### [What is required]
Go through the records below line by line, counting those that contain the word "section"; answer with the count only.

Stored items
━━━━━━━━━━━━━━━━━━━━━━━━━━━━━━
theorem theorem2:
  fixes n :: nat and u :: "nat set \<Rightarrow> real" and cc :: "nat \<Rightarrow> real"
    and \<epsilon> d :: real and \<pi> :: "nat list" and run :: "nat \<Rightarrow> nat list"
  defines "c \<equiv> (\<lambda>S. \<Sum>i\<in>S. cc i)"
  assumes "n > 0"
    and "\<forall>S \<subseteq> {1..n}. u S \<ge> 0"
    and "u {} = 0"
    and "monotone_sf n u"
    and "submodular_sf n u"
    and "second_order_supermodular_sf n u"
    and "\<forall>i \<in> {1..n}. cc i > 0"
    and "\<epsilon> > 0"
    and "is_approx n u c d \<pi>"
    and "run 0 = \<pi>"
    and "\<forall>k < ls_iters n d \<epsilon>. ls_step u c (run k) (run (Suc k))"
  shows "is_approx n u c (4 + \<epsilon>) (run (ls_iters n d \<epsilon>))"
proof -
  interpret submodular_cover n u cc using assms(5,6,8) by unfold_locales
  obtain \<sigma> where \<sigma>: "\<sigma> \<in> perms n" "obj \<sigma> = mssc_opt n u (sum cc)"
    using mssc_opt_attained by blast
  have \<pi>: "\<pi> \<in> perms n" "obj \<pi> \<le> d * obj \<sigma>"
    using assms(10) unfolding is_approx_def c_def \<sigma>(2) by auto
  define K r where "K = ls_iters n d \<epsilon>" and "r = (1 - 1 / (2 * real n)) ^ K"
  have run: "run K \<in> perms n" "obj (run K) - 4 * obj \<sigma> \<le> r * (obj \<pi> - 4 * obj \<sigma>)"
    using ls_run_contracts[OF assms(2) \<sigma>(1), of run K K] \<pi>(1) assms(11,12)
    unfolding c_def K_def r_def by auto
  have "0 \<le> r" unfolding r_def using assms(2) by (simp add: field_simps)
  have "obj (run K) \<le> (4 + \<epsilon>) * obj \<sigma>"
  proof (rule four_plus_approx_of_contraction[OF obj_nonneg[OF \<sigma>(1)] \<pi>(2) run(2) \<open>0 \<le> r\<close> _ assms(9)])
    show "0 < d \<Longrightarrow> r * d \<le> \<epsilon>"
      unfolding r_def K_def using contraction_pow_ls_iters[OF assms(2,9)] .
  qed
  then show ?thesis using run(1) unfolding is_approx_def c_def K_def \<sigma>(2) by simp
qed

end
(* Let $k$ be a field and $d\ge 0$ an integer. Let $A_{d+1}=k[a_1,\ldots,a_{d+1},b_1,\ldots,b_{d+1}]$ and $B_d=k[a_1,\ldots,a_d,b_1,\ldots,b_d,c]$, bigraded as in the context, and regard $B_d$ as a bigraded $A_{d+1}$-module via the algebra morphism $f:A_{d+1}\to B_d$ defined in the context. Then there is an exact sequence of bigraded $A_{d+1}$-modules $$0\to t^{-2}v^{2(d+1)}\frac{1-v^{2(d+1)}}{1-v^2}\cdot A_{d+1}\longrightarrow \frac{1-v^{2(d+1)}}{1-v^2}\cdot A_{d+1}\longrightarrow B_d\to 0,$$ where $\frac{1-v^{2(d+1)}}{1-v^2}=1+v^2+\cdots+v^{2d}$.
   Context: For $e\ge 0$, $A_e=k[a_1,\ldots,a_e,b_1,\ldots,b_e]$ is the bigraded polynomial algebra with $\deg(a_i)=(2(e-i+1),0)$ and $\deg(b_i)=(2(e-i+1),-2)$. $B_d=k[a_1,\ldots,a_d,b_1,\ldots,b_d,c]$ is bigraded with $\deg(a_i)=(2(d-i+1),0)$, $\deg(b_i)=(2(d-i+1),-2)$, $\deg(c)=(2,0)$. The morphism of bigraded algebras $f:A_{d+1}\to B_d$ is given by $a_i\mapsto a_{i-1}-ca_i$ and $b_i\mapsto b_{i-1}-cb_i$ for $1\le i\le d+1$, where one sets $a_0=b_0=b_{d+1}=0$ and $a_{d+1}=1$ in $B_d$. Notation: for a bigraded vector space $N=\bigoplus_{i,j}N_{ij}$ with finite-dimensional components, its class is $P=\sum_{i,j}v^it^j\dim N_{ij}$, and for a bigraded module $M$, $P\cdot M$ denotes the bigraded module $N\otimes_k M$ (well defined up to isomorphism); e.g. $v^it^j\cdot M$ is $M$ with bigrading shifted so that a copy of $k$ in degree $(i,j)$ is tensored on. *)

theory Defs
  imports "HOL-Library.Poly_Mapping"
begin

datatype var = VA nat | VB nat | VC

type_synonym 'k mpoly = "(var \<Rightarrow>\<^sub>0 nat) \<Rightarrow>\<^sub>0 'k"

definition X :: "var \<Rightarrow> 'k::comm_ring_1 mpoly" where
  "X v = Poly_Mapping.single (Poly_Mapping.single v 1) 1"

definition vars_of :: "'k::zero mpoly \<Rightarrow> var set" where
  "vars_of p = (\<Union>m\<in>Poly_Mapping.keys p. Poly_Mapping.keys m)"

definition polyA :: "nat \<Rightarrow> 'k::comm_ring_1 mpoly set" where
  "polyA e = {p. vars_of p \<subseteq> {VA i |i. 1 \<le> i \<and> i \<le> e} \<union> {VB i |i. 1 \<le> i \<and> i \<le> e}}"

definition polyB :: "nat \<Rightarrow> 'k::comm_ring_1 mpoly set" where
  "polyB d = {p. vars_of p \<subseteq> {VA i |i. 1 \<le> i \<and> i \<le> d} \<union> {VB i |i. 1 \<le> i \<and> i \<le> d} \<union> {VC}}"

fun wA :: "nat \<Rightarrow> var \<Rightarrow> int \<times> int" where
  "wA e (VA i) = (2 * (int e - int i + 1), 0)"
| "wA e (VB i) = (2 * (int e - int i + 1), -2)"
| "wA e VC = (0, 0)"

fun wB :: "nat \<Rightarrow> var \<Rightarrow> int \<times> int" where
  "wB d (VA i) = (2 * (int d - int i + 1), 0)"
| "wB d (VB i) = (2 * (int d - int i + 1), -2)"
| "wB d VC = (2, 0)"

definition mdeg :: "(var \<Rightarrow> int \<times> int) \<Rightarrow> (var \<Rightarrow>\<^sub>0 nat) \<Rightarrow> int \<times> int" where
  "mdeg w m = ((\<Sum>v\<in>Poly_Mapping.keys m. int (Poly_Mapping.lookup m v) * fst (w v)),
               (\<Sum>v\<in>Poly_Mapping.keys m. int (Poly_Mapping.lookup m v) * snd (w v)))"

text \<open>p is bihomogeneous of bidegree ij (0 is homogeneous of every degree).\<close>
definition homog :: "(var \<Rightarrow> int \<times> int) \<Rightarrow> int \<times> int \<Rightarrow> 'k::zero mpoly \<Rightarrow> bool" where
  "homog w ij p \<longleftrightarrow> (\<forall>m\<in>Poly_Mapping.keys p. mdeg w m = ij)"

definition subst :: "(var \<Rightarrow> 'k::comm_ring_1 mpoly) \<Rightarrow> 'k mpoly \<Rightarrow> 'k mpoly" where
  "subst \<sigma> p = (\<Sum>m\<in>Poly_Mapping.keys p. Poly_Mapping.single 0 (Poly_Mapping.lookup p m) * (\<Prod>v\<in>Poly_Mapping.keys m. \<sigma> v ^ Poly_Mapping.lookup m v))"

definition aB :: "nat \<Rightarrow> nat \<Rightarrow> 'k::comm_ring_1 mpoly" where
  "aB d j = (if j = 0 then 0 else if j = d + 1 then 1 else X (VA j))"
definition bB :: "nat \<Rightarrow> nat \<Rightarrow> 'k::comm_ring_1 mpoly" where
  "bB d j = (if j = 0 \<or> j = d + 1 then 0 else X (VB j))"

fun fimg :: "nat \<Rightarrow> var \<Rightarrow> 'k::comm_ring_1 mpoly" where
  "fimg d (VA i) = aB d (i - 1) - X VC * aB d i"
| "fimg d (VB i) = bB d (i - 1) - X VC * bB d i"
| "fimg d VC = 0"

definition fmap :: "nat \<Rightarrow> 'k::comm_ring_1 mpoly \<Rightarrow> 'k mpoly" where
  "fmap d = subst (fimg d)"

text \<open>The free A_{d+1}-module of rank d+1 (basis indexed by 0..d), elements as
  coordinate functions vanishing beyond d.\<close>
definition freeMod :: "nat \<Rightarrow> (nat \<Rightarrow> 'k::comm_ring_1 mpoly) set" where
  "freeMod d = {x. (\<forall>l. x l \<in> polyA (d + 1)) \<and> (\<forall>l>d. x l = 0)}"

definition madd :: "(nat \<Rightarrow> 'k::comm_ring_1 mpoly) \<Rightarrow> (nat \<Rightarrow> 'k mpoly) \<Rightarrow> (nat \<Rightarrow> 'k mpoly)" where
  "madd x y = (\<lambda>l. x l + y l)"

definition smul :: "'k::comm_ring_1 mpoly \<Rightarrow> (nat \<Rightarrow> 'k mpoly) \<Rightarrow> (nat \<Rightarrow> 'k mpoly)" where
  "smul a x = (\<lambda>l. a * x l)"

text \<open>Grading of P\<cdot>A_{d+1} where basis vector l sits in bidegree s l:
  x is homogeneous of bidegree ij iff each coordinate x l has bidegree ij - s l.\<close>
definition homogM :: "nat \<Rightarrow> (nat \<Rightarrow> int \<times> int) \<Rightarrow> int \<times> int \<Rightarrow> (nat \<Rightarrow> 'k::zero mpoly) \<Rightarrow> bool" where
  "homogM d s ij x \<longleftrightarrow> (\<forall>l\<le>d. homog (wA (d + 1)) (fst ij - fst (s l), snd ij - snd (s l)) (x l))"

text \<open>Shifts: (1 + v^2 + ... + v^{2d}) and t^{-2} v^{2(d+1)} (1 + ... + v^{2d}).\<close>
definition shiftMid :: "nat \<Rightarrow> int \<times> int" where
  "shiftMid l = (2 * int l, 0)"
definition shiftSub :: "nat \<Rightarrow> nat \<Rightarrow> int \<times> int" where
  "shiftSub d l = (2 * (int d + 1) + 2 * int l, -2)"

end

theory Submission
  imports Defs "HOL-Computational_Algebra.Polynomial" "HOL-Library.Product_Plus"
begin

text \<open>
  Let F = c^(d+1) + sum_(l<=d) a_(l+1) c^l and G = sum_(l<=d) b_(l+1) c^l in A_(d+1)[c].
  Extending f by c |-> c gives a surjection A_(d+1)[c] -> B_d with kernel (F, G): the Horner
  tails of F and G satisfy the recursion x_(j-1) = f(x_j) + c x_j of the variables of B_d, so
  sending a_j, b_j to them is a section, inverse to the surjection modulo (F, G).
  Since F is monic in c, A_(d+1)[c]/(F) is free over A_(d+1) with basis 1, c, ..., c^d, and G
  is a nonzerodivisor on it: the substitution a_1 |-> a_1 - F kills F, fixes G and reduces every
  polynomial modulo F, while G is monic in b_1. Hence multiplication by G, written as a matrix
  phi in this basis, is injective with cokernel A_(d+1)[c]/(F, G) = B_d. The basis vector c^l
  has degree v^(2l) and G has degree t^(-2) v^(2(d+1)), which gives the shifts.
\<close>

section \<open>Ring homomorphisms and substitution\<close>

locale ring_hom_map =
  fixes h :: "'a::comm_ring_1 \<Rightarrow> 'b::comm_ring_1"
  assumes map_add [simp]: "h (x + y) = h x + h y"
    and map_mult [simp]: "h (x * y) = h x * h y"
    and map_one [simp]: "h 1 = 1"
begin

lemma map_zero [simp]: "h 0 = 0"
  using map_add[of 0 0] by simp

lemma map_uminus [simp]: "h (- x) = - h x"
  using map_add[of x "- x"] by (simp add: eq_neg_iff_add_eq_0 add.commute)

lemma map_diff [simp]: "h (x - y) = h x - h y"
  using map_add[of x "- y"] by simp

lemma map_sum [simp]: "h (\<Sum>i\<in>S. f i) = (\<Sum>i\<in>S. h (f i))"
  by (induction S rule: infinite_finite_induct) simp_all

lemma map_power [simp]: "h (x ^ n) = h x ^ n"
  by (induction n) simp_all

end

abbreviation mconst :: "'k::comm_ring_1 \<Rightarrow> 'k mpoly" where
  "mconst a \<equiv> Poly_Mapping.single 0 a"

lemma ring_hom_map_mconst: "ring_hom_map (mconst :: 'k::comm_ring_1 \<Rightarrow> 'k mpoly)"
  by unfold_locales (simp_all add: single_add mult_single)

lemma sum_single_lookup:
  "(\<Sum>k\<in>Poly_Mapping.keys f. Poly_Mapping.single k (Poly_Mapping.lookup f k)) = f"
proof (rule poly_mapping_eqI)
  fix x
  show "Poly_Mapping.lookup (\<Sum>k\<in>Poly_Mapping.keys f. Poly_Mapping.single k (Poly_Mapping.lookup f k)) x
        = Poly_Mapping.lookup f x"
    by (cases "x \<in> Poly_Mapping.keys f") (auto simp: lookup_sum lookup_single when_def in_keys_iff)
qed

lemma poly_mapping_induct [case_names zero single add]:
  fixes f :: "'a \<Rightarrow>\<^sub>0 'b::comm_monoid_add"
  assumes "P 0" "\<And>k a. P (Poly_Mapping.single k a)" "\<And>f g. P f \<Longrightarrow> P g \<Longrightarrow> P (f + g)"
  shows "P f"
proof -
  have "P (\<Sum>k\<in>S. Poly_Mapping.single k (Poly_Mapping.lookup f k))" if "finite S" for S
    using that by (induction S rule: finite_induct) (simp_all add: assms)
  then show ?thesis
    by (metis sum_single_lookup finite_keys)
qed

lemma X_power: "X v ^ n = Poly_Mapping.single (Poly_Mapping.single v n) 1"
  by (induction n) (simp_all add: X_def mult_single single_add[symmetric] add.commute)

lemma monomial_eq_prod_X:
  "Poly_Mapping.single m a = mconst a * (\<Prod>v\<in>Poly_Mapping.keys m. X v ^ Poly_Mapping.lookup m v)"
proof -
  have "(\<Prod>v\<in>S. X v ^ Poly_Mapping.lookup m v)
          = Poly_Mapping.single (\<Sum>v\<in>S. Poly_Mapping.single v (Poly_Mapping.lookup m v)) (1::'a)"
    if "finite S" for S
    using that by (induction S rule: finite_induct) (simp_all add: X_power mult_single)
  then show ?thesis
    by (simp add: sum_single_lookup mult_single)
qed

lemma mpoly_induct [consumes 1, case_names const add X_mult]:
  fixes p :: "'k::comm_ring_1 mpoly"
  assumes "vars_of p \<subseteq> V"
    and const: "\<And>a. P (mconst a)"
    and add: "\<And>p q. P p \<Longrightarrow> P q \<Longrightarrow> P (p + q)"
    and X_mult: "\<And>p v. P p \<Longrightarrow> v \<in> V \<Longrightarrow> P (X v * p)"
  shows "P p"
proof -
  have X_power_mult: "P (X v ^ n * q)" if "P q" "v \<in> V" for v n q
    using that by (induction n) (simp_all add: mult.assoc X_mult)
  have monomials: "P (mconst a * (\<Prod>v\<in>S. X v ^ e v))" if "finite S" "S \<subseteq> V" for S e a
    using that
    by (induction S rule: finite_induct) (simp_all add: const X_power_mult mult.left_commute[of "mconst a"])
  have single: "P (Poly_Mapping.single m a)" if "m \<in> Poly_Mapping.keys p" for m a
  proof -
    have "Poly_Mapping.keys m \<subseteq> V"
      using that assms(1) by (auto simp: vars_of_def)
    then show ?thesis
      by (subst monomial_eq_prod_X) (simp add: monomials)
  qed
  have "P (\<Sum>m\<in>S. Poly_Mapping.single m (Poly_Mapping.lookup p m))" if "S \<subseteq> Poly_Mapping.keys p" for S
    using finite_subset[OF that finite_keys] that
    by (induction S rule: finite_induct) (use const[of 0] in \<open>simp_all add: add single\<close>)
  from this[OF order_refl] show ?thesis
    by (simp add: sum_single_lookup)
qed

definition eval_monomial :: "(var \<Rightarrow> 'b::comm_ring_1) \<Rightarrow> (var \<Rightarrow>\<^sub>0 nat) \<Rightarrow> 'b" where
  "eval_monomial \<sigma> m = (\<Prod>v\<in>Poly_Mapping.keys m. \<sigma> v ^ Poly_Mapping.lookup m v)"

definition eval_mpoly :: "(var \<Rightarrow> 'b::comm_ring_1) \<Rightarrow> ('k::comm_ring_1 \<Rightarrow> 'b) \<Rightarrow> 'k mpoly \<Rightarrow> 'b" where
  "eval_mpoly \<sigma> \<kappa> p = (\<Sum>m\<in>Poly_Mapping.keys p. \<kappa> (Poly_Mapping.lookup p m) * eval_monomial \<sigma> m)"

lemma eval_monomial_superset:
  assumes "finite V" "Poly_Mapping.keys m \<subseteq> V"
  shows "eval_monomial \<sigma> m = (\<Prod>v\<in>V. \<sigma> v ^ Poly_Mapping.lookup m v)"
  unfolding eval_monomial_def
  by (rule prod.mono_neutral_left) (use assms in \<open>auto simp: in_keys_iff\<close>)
━━━━━━━━━━━━━━━━━━━━━━━━━━━━━━
### [Exercise solution]
2